Pursuant to the Securities Purchase Agreement, the Company will issue the Pre-Funded Warrant to the Investor. The Pre-Funded Warrant entitles the Investor to purchase shares of Common Stock at an exercise price equal to $0.01 per share. The Pre-Funded Warrant will be exercisable at any time beginning on the date of issuance. The number of shares of the Company’s Common Stock issuable upon exercise of the Pre-Funded Warrant is subject to adjustment upon certain corporate events, including certain stock dividends and splits, combinations, reclassifications, and certain other events.

The Investor may exercise the Pre-Funded Warrant by delivering an exercise notice, completed and duly signed, and payment in cash of the exercise price for the number of shares of the Company’s Common Stock for which the Pre-Funded Warrant is being exercised. The Investor may also satisfy its obligation to pay the exercise price through a "cashless exercise," in which the Investor receives the net value of the Pre-Funded Warrant in shares of Common Stock determined according to the formula set forth in the Pre-Funded Warrant.

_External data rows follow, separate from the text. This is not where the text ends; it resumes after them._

lemma exists_base5_digit:
  assumes "0 \<le> s" "s \<le> 1"
  obtains k :: nat where "k \<le> 4" "real k \<le> 5 * s" "5 * s \<le> real k + 1"
proof (cases "\<lfloor>5 * s\<rfloor> \<le> 4")
  case True
  have "real (nat \<lfloor>5 * s\<rfloor>) = of_int \<lfloor>5 * s\<rfloor>" using assms by simp
  then show ?thesis
    using that[of "nat \<lfloor>5 * s\<rfloor>"] True floor_correct[of "5 * s"] by linarith
next
  case False
  then have "s = 1" using assms by linarith
  then show ?thesis using that[of 4] by simp
qed

lemma exists_D5_digit:
  assumes x: "x \<in> cbox 0 1" and a: "a \<in> {1, 3}" "i \<noteq> j" "x$i \<in> band a" "x$j \<in> band a"
  obtains d where "d \<in> D5" "5 *\<^sub>R x - d \<in> cbox 0 1"
proof -
  have cube: "0 \<le> x$m" "x$m \<le> 1" for m using x unfolding mem_box_cart by simp_all
  have a4: "0 < a" "a < 4" using a(1) by auto
  have "\<exists>k::nat. k \<le> 4 \<and> real k \<le> 5 * x$m \<and> 5 * x$m \<le> real k + 1 \<and> (m \<in> {i, j} \<longrightarrow> k = a)"
    for m
  proof (cases "m \<in> {i, j}")
    case True
    then have "real a / 5 \<le> x$m \<and> x$m \<le> (real a + 1) / 5"
      using band_unit_interval[OF a4 cube] a(3,4) by blast
    then show ?thesis using a4 by (intro exI[of _ a]) auto
  next
    case False
    obtain k :: nat where "k \<le> 4" "real k \<le> 5 * x$m" "5 * x$m \<le> real k + 1"
      using cube by (rule exists_base5_digit)
    then show ?thesis using False by blast
  qed
  then have "\<exists>k. \<forall>m. k m \<le> 4 \<and> real (k m) \<le> 5 * x$m \<and> 5 * x$m \<le> real (k m) + 1 \<and>
      (m \<in> {i, j} \<longrightarrow> k m = a)"
    by (rule choice[OF allI])
  then obtain k where k: "\<forall>m. k m \<le> 4 \<and> real (k m) \<le> 5 * x$m \<and> 5 * x$m \<le> real (k m) + 1 \<and>
      (m \<in> {i, j} \<longrightarrow> k m = a)"
    by blast
  define d :: "real^3" where "d = (\<chi> m. real (k m))"
  have "k m < 5" for m using k[rule_format, of m] by linarith
  then have "d \<in> digit_cube 5" unfolding digit_cube_def d_def by auto
  moreover have "d \<in> two_coords (\<lambda>s. s = real a)"
    using a(2) k by (intro two_coordsI[of i j]) (simp_all add: d_def)
  ultimately have "d \<in> D5" unfolding D5_def using a(1) by blast
  moreover have "0 \<le> 5 * x$m - k m \<and> 5 * x$m - k m \<le> 1" for m using k[rule_format, of m] by linarith
  then have "5 *\<^sub>R x - d \<in> cbox 0 1" unfolding mem_box_cart d_def by simp
  ultimately show ?thesis by (rule that)
qed

lemma F5_subset_pieces: "F5 \<subseteq> (\<Union>d\<in>D5. (\<lambda>y. (1/5) *\<^sub>R (y + d)) ` F5)"
proof
  fix x assume "x \<in> F5"
  then have x: "x \<in> cbox 0 1" "x \<in> band_pairs" "5 *\<^sub>R x \<in> H5"
    unfolding F5_def using H5_iff[of x] by auto
  from x(2) obtain a i j where "a \<in> {1, 3}" "i \<noteq> j" "x$i \<in> band a" "x$j \<in> band a"
    by (rule band_pairsE)
  then obtain d where d: "d \<in> D5" "5 *\<^sub>R x - d \<in> cbox 0 1"
    using x(1) exists_D5_digit by metis
  have "5 *\<^sub>R x + - d \<in> H5"
    using d(1) digit_cube_subset_int_lattice unfolding D5_def
    by (intro H5_add_lattice[OF x(3) int_lattice_uminus]) blast
  then have "5 *\<^sub>R x - d \<in> F5" using d(2) unfolding F5_def by simp
  moreover have "x = (1/5) *\<^sub>R ((5 *\<^sub>R x - d) + d)" by simp
  ultimately show "x \<in> (\<Union>d\<in>D5. (\<lambda>y. (1/5) *\<^sub>R (y + d)) ` F5)" using d(1) by blast
qed

lemma pieces_subset_F5:
  assumes d: "d \<in> D5" and y: "y \<in> F5"
  shows "(1/5) *\<^sub>R (y + d) \<in> F5"
proof -
  obtain a where a: "a \<in> {1, 3}" "d \<in> two_coords (\<lambda>s. s = real a)" and dc: "d \<in> digit_cube 5"
    using d unfolding D5_def by blast
  obtain i j where ij: "i \<noteq> j" "d$i = a" "d$j = a" using a(2) by (rule two_coordsE)
  have ycube: "\<And>m. 0 \<le> y$m \<and> y$m \<le> 1" and yH: "y \<in> H5"
    using y unfolding mem_F5 by auto
  have "0 \<le> y$m + d$m \<and> y$m + d$m \<le> 5" for m
    using ycube[of m] digit_cube_bounds[OF dc, of m] by simp
  then have "(1/5) *\<^sub>R (y + d) \<in> cbox 0 1" unfolding mem_box_cart by simp
  moreover have "(1/5) *\<^sub>R (y + d) \<in> band_pairs"
    using a(1) ij ycube by (intro band_pairsI[of a i j] band_intro) simp_all
  moreover have "5 *\<^sub>R ((1/5) *\<^sub>R (y + d)) \<in> H5"
    using H5_add_lattice[OF yH] digit_cube_subset_int_lattice dc by auto
  ultimately show ?thesis unfolding F5_def using H5_iff by blast
qed

lemma F5_self_similar: "F5 = (\<Union>d\<in>D5. (\<lambda>y. (1/5) *\<^sub>R (y + d)) ` F5)"
  using F5_subset_pieces pieces_subset_F5 by blast

section \<open>Connectedness of the complement\<close>

lemma fine_grid_disjoint_H5: "two_coords (\<lambda>s. 5 ^ k * s \<in> \<int>) \<inter> H5 = {}"
proof -
  have "(5 ^ k) *\<^sub>R y \<in> two_coords (\<lambda>s. s \<in> \<int>)" if y: "y \<in> two_coords (\<lambda>s. 5 ^ k * s \<in> \<int>)" for y
  proof -
    obtain i j where "i \<noteq> j" "5 ^ k * y$i \<in> \<int>" "5 ^ k * y$j \<in> \<int>" using y by (rule two_coordsE)
    then show ?thesis by (intro two_coordsI[of i j]) simp_all
  qed
  moreover have "two_coords (\<lambda>s. s \<in> \<int>) \<inter> two_coords (\<lambda>s. s \<in> band a) = {}" if "a \<in> {1, 3}" for a
  proof (rule two_coords_disjoint)
    show "s \<notin> band a" if "s \<in> \<int>" for s
      using band_disjoint_Ints[of a s] \<open>a \<in> {1, 3}\<close> that by auto
  qed
  ultimately show ?thesis unfolding H5_def band_pairs_def by blast
qed

lemma closure_fine_grids: "closure (\<Union>k. two_coords (\<lambda>s. 5 ^ k * s \<in> \<int>)) = UNIV"
proof -
  have "y \<in> closure (\<Union>k. two_coords (\<lambda>s. 5 ^ k * s \<in> \<int>))" for y :: "real^3"
    unfolding closure_approachable
  proof (intro allI impI)
    fix e :: real assume "e > 0"
    then obtain k :: nat where k: "(1/5) ^ k < e / 3" using real_arch_pow_inv[of "e/3" "1/5"] by auto
    define q :: "real^3" where "q = (\<chi> m. of_int \<lfloor>5 ^ k * y$m\<rfloor> / 5 ^ k)"
    have "q \<in> two_coords (\<lambda>s. 5 ^ k * s \<in> \<int>)" by (intro two_coordsI[of 1 2]) (simp_all add: q_def)
    moreover have "\<bar>(q - y)$m\<bar> \<le> (1/5) ^ k" for m
    proof -
      have "(q - y)$m = - (5 ^ k * y$m - of_int \<lfloor>5 ^ k * y$m\<rfloor>) / 5 ^ k"
        by (simp add: q_def field_simps)
      moreover have "0 \<le> 5 ^ k * y$m - of_int \<lfloor>5 ^ k * y$m\<rfloor>" "5 ^ k * y$m - of_int \<lfloor>5 ^ k * y$m\<rfloor> \<le> 1"
        using floor_correct[of "5 ^ k * y$m"] by linarith+
      ultimately show ?thesis by (simp add: power_divide divide_right_mono)
    qed
    then have "dist q y \<le> 3 * (1/5) ^ k"
      using norm_le_l1_cart[of "q - y"] sum_mono[of UNIV "\<lambda>m. \<bar>(q - y)$m\<bar>" "\<lambda>_. (1/5) ^ k"]
      by (simp add: dist_norm)
    ultimately show "\<exists>q\<in>\<Union>k. two_coords (\<lambda>s. 5 ^ k * s \<in> \<int>). dist q y < e" using k by force
  qed
  then show ?thesis by blast
qed

lemma connected_Compl_H5: "connected (- H5)"
proof (rule connected_intermediate_closure)
  have "0 \<in> two_coords (\<lambda>s. 5 ^ k * s \<in> \<int>)" for k :: nat
    using vec_in_two_coords[of "\<lambda>s. 5 ^ k * s \<in> \<int>" 0] by simp
  then show "connected (\<Union>k. two_coords (\<lambda>s. 5 ^ k * s \<in> \<int>))"
    by (intro connected_Union) (auto intro: connected_two_coords[of _ 0])
  show "(\<Union>k. two_coords (\<lambda>s. 5 ^ k * s \<in> \<int>)) \<subseteq> - H5" using fine_grid_disjoint_H5 by blast
  show "- H5 \<subseteq> closure (\<Union>k. two_coords (\<lambda>s. 5 ^ k * s \<in> \<int>))" by (simp add: closure_fine_grids)
qed

section \<open>Components\<close>

lemma connected_component_F5_two_coords:
  assumes "u \<in> cantor5" "p \<in> cbox 0 1" "q \<in> cbox 0 1" "i \<noteq> j"
    "p$i = u" "p$j = u" "q$i = u" "q$j = u"
  shows "connected_component F5 p q"
proof (rule connected_component_segment)
  have "closed_segment p q \<subseteq> cbox 0 1"
    using assms(2,3) by (simp add: closed_segment_subset convex_box)
  moreover have "closed_segment p q \<subseteq> two_coords (\<lambda>s. s - u \<in> \<int>)"
    using assms(4-8) by (intro segment_subset_two_coords[of i j]) simp_all
  ultimately show "closed_segment p q \<subseteq> F5"
    using grid_subset_H5[OF assms(1)] unfolding F5_def by blast
qed

lemma connected_component_F5_piece:
  assumes d: "d \<in> D5" "d \<in> two_coords (\<lambda>s. s = real a)"
    and t: "t \<in> cantor5" "(a + t) / 5 \<in> cantor5"
  shows "connected_component F5 ((1/5) *\<^sub>R (vec t + d)) (vec ((a + t) / 5))"
proof -
  obtain i j where ij: "i \<noteq> j" "d$i = a" "d$j = a" using d(2) by (rule two_coordsE)
  have "(1/5) *\<^sub>R (vec t + d) \<in> F5" by (rule pieces_subset_F5[OF d(1) vec_in_F5[OF t(1)]])
  moreover have "vec ((a + t) / 5) \<in> F5" by (rule vec_in_F5[OF t(2)])
  ultimately show ?thesis
    using ij by (intro connected_component_F5_two_coords[OF t(2) _ _ ij(1)]) (auto simp: F5_def add.commute)
qed

lemma F5_address:
  assumes "x \<in> F5"
  obtains xs ds and as :: "nat \<Rightarrow> nat" where "xs 0 = x" "\<And>k. xs k \<in> F5" "\<And>k. xs k = (1/5) *\<^sub>R (xs (Suc k) + ds k)"
    "\<And>k. ds k \<in> D5" "\<And>k. as k \<in> {1, 3}" "\<And>k. ds k \<in> two_coords (\<lambda>s. s = real (as k))"
proof -
  obtain ds xs where xs: "xs 0 = x" "\<And>k. xs k \<in> F5" "\<And>k. xs k = (1/5) *\<^sub>R (xs (Suc k) + ds k)"
    and ds: "\<And>k. ds k \<in> D5"
    using address_sequence[OF F5_subset_pieces assms] by blast
  have "\<forall>k. \<exists>a. a \<in> {1, 3} \<and> ds k \<in> two_coords (\<lambda>s. s = real a)"
    using ds unfolding D5_def by blast
  then obtain as where as: "\<And>k. as k \<in> {1, 3}" "\<And>k. ds k \<in> two_coords (\<lambda>s. s = real (as k))"
    by (auto dest!: choice)
  show ?thesis by (rule that[OF xs ds as])
qed

lemma F5_diagonal_chain:
  assumes ds: "\<And>k. ds k \<in> D5" "\<And>k. ds k \<in> two_coords (\<lambda>s. s = real (as k))"
    and as: "\<And>k. as k \<in> {1, 3}"
  shows "connected_component F5 (vec (tail5 as 0))
    (comp_prefix (\<lambda>k y. (1/5) *\<^sub>R (y + ds k)) m (vec (tail5 as m)))"
proof (induction m)
  case 0
  show ?case using vec_in_F5[OF tail5_in_cantor5[OF as]] by simp
next
  case (Suc m)
  let ?g = "\<lambda>k y. (1/5) *\<^sub>R (y + ds k)"
  have t: "tail5 as k \<in> cantor5" for k by (rule tail5_in_cantor5[OF as])
  have "as k \<le> 4" for k using as[of k] by auto
  then have t_Suc: "tail5 as m = (as m + tail5 as (Suc m)) / 5" by (rule tail5_Suc)
  have g_F5: "?g k ` F5 \<subseteq> F5" for k using pieces_subset_F5[OF ds(1)] by blast
  have g_cont: "continuous_on F5 (?g k)" for k by (intro continuous_intros)
  have "connected_component F5 (?g m (vec (tail5 as (Suc m)))) (vec ((as m + tail5 as (Suc m)) / 5))"
    using t[of m] unfolding t_Suc by (rule connected_component_F5_piece[OF ds t])
  then have "connected_component F5 (?g m (vec (tail5 as (Suc m)))) (vec (tail5 as m))"
    by (simp only: t_Suc[symmetric])
  then have "connected_component F5 (comp_prefix ?g (Suc m) (vec (tail5 as (Suc m))))
      (comp_prefix ?g m (vec (tail5 as m)))"
    unfolding comp_prefix.simps o_apply
    by (rule connected_component_continuous_image[OF _ continuous_on_comp_prefix[OF g_cont g_F5]
          comp_prefix_image_subset[OF g_F5]])
  then show ?case by (rule connected_component_trans[OF Suc connected_component_sym])
qed
(* Let $\{Y_i\}_{i\in\mathbb{N}}$ be i.i.d. symmetric $\alpha$-stable random variables with $\alpha\in(0,2]$, fix $\beta\in(0,1)$, and for $n\ge1$ let $X^{(n)}(t)=\sum_{i=1}^{\lfloor n^\beta t\rfloor} Y_i/n^{\beta/\alpha}$, $t\ge0$, defined on $(\Omega^n,\mathcal{F}^n,\mathbb{P}^n)$ with its natural filtration $\mathcal{F}^n_t$. Fix $\delta>0$ and set $X^{(n),\delta}=X^{(n)}-K_\delta(X^{(n)})$. Then $X^{(n),\delta}$ admits a decomposition $X^{(n),\delta}=M^{n,\delta}+A^{n,\delta}$ into an $\mathcal{F}^n_t$-local martingale $M^{n,\delta}$ and a process $A^{n,\delta}$ of finite variation such that for each $t$ and each $\theta>0$ there exist stopping times $\tau_n^\theta$ with $\mathbb{P}(\tau_n^\theta\le\theta)\le 1/\theta$ and $$\sup_n\mathbb{E}\Big[[M^{n,\delta},M^{n,\delta}]_{t\wedge\tau_n^\theta}+TV(A^{n,\delta},t\wedge\tau_n^\theta)\Big]<\infty.$$
   Context: $h_\delta(r)=(1-\delta/r)^+$ for $r>0$, and for càdlàg $x$, $K_\delta(x)(t)=\sum_{0<s\le t}h_\delta(|\Delta x(s)|)\Delta x(s)$ with $\Delta x(s)=x(s)-x(s-)$; thus $X^{(n),\delta}$ has all jumps bounded by $\delta$. $[M,M]$ denotes quadratic variation and $TV(A,t)=\sup\sum_i|A(t_i)-A(t_{i-1})|$ over partitions $0\le t_0<\dots<t_m\le t$ is the total variation of $A$ on $[0,t]$. *)

theory Defs
  imports "HOL-Probability.Probability"
begin

(* h_delta(r) = (1 - delta/r)^+ for r > 0 (value at r = 0 irrelevant, set to 0) *)
definition hdelta :: "real \<Rightarrow> real \<Rightarrow> real" where
  "hdelta \<delta> r = (if 0 < r then max 0 (1 - \<delta> / r) else 0)"

definition left_lim :: "(real \<Rightarrow> real) \<Rightarrow> real \<Rightarrow> real" where
  "left_lim x s = Lim (at_left s) x"

definition jump :: "(real \<Rightarrow> real) \<Rightarrow> real \<Rightarrow> real" where
  "jump x s = x s - left_lim x s"

definition Kdelta :: "real \<Rightarrow> (real \<Rightarrow> real) \<Rightarrow> real \<Rightarrow> real" where
  "Kdelta \<delta> x t = (\<Sum>\<^sub>\<infinity>s\<in>{0<..t}. hdelta \<delta> \<bar>jump x s\<bar> * jump x s)"

definition cadlag :: "(real \<Rightarrow> real) \<Rightarrow> bool" where
  "cadlag x \<longleftrightarrow> (\<forall>t. continuous (at_right t) x \<and> (\<exists>l. (x \<longlongrightarrow> l) (at_left t)))"

definition sym_stable :: "real \<Rightarrow> real measure \<Rightarrow> bool" where
  "sym_stable \<alpha> \<mu> \<longleftrightarrow> (\<exists>c>0. \<forall>u. char \<mu> u = complex_of_real (exp (- c * \<bar>u\<bar> powr \<alpha>)))"

definition nat_filtration :: "'a measure \<Rightarrow> (real \<Rightarrow> 'a \<Rightarrow> real) \<Rightarrow> real \<Rightarrow> 'a measure" where
  "nat_filtration M X s =
     sigma (space M) {X r -` B \<inter> space M | r B. 0 \<le> r \<and> r \<le> s \<and> B \<in> sets borel}"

The Investor will not be entitled to exercise any portion of the Pre-Funded Warrant that, upon giving effect to such exercise, would cause the aggregate number of shares of Common Stock beneficially owned by the Investor (together with its affiliates and any other persons whose beneficial ownership of Common Stock would be aggregated with the Investor for purposes of Section 13(d) of the Securities Exchange Act of 1934, as amended) to exceed 9.99% of the total number of then issued and outstanding shares of Common Stock, as such percentage ownership is determined in accordance with the terms of the Pre-Funded Warrant. This threshold is subject to the Investor’s rights under the Pre-Funded Warrant to increase or decrease such percentage to any other percentage not in excess of 19.99% upon at least 61 days’ prior notice from the Investor to the Company.